By: Kathryn Senior PhD - Updated: 5 Dec 2012 | comments*Discuss
 
Genetic Testing Deafness Genes For

Many types of deafness and hearing loss have nothing to do with genetics. Anyone can sustain hearing loss after being exposed to an extremely loud noise, because of an accident or injury, or because of long-term exposure to noise above the recommended levels. Other types of deafness are solely down to genetics. Around 750 children are born each year with profound sensorineural deafness because of gene mutations. Some of these have been found recently. In other people, genetics may play some role, maybe making them more sensitive to hearing damage through exposure to noise that other people can cope with easily without it affecting their hearing. Finding the genes responsible in this case is far more difficult.
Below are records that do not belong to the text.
lemma nonsingular_perm_poly_mod_iff_jet_mod:
  assumes "q > 0"
  shows "nonsingular_perm_poly_mod q P \<longleftrightarrow> jet_mod q P \<in> perm_jets q"
proof -
  have "inj_on (\<lambda>x. poly P x mod q) {0..<q} \<longleftrightarrow> inj_on (restrict (\<lambda>x. poly P x mod q) {0..<q}) {0..<q}"
    by (rule inj_on_cong) simp
  moreover have "\<not> q dvd y \<longleftrightarrow> y mod q \<in> {1..<q}" for y
  proof -
    have "0 \<le> y mod q" "y mod q < q"
      using assms by simp_all
    then show ?thesis
      by (auto simp: dvd_eq_mod_eq_0)
  qed
  ultimately show ?thesis
    using assms by (auto simp: nonsingular_perm_poly_mod_def is_perm_poly_mod_iff_inj_on jet_mod_def perm_jets_def)
qed

lemma card_filter_eq_sum_card_fibres:
  assumes "finite A" "finite B" "g ` A \<subseteq> B"
  shows "card {a \<in> A. Q a} = (\<Sum>b\<in>B. card {a \<in> A. g a = b \<and> Q a})"
proof -
  have "(\<Sum>b\<in>B. card {a \<in> A. g a = b \<and> Q a}) = (\<Sum>b\<in>B. \<Sum>a | a \<in> {a \<in> A. Q a} \<and> g a = b. 1)"
    by (intro sum.cong) (auto intro: arg_cong[where f = card])
  also have "\<dots> = card {a \<in> A. Q a}"
    using assms by (subst sum.group) auto
  finally show ?thesis ..
qed

lemma card_preimage_bij_betw:
  assumes "bij_betw f A B" "S \<subseteq> B"
  shows "card {a \<in> A. f a \<in> S} = card S"
proof -
  have "f ` {a \<in> A. f a \<in> S} = S"
    using assms unfolding bij_betw_def by blast
  then have "bij_betw f {a \<in> A. f a \<in> S} S"
    by (intro bij_betw_subset[OF assms(1)]) auto
  then show ?thesis
    by (rule bij_betw_same_card)
qed

lemma card_residue_class:
  fixes m k r :: int
  assumes "0 \<le> r" "r < m" "0 \<le> k"
  shows "card {x \<in> {0..<m * k}. x mod m = r} = nat k"
proof -
  have "{x \<in> {0..<m * k}. x mod m = r} = (\<lambda>j. r + m * j) ` {0..<k}"
  proof (intro equalityI subsetI)
    fix x assume "x \<in> {x \<in> {0..<m * k}. x mod m = r}"
    then have x: "0 \<le> x" "x < m * k" "x mod m = r"
      by simp_all
    then have x_eq: "x = r + m * (x div m)"
      by (metis mod_mult_div_eq)
    have "0 \<le> x div m"
      using x assms by (simp add: pos_imp_zdiv_nonneg_iff)
    moreover have "x div m < k"
    proof (rule ccontr)
      assume "\<not> x div m < k"
      then have "m * k \<le> m * (x div m)"
        using assms by (intro mult_left_mono) auto
      then show False
        using x x_eq assms(1) by linarith
    qed
    ultimately show "x \<in> (\<lambda>j. r + m * j) ` {0..<k}"
      using x_eq by (intro image_eqI[where f = "\<lambda>j. r + m * j"]) simp_all
  next
    fix x assume "x \<in> (\<lambda>j. r + m * j) ` {0..<k}"
    then obtain j where x_eq: "x = r + m * j" and "j \<in> {0..<k}"
      by (rule imageE)
    then have j: "0 \<le> j" "j < k"
      by simp_all
    have "m * j \<le> m * (k - 1)"
      using j assms by (intro mult_left_mono) auto
    moreover have "0 \<le> m * j"
      using j assms by simp
    moreover have "x mod m = r"
      using assms by (simp add: x_eq)
    ultimately show "x \<in> {x \<in> {0..<m * k}. x mod m = r}"
      using x_eq assms by (simp add: right_diff_distrib)
  qed
  moreover have "inj_on (\<lambda>j. r + m * j) {0..<k}"
    using assms by (intro inj_onI) simp
  ultimately show ?thesis
    by (simp add: card_image)
qed

lemma finite_coeff_vectors: "finite (coeff_vectors n m)"
  by (simp add: coeff_vectors_def finite_PiE)

lemma card_coeff_vectors_mod_fibre:
  fixes m k :: int
  assumes "m > 0" "k \<ge> 0" "b \<in> coeff_vectors n m"
  shows "card {a \<in> coeff_vectors n (m * k). restrict (\<lambda>i. a i mod m) {..n} = b} = nat k ^ Suc n"
proof -
  have b: "b i \<in> {0..<m}" if "i \<le> n" for i
    using assms(3) that unfolding coeff_vectors_def by auto
  have "{a \<in> coeff_vectors n (m * k). restrict (\<lambda>i. a i mod m) {..n} = b}
      = (\<Pi>\<^sub>E i\<in>{..n}. {x \<in> {0..<m * k}. x mod m = b i})"
    using assms(3) unfolding coeff_vectors_def by (fastforce simp: PiE_iff fun_eq_iff extensional_def)
  also have "card \<dots> = (\<Prod>i\<le>n. card {x \<in> {0..<m * k}. x mod m = b i})"
    by (rule card_PiE) simp
  also have "\<dots> = (\<Prod>i\<le>n. nat k)"
    by (intro prod.cong refl card_residue_class) (use b assms(2) in auto)
  finally show ?thesis
    by simp
qed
Genes and Congenital Deafness

Around half of the children born each year with profound congenital deafness have a definite gene mutation that has caused their condition. One gene identified is the PTPRQ gene. This has been researched after it was implicated as the cause of inherited deafness in several affected families. The advent of DNA technology has made further work on these families possible and has confirmed this gene as having a definite association with profound deafness. The work has also enabled researchers to identify two more genes that also cause deafness.

The three genes are different but encode proteins that play an important role in the process that leads to development of the hair cells in the cochlea of the ear. These tiny hair cells line the cochlea and the ear canal, where they sway about in the fluid picking up every tiny vibration. The hair cells are sensory receptors that link to other cells that transfer this information into electrical nerve signals that then go to the brain where they are perceived as sounds. Damage to a large number of hair cells, such as by taking a drug that destroys them, can lead to deafness. In children born with profound deafness, with mutations in any one of these three genes, the hair cells fail to develop. After birth, nothing can really be done to stimulate them to develop, so the neural pathways that would allow hearing are never made.

Genetic Testing and Deafness

Now that some of the genes responsible for congenital deafness have been found it is very possible to develop tests to be able to screen parents to see if they are likely to have a child affected in this way. Developing such a test may be technically straightforward but it is ethically quite complicated. Deafness as a disability does not stop a child or adult leading a full, active, productive and enjoyable life and many people question whether it is right to develop tests that might lead some parents to abort foetuses who may be born deaf.

Others argue that parents have the right to choose and some people would not want to have a deaf child. It is a difficult problem to argue that people should be forced to have a child that they do not want, or to prevent the research that develops a test to show whether parents are carriers of one of the genes for deafness.

Parents who already have one child born profoundly deaf are also divided on the issue. They know that they stand a much greater chance of having other children who will also be deaf, and there is much discussion about whether to offer pre-implantation diagnosis to them. This technique is done as part of an in vitro fertilisation treatment. The conception takes place outside the mother’s body and the embryos are tested to see if they carry any of the deafness genes. Only foetuses that don’t would then be implanted to bring about a potential pregnancy.

Advice from the National Deaf Children’s Society

The policy of the NDCS is against limiting choice for parents and individuals but it does stress that deaf children can live happy and fulfilled lives and can attain and achieve the same level of abilities in many areas of life as children who can hear well. Parents or prospective parents facing this issue may find it useful to have detailed genetic counselling to help them reach a difficult decision.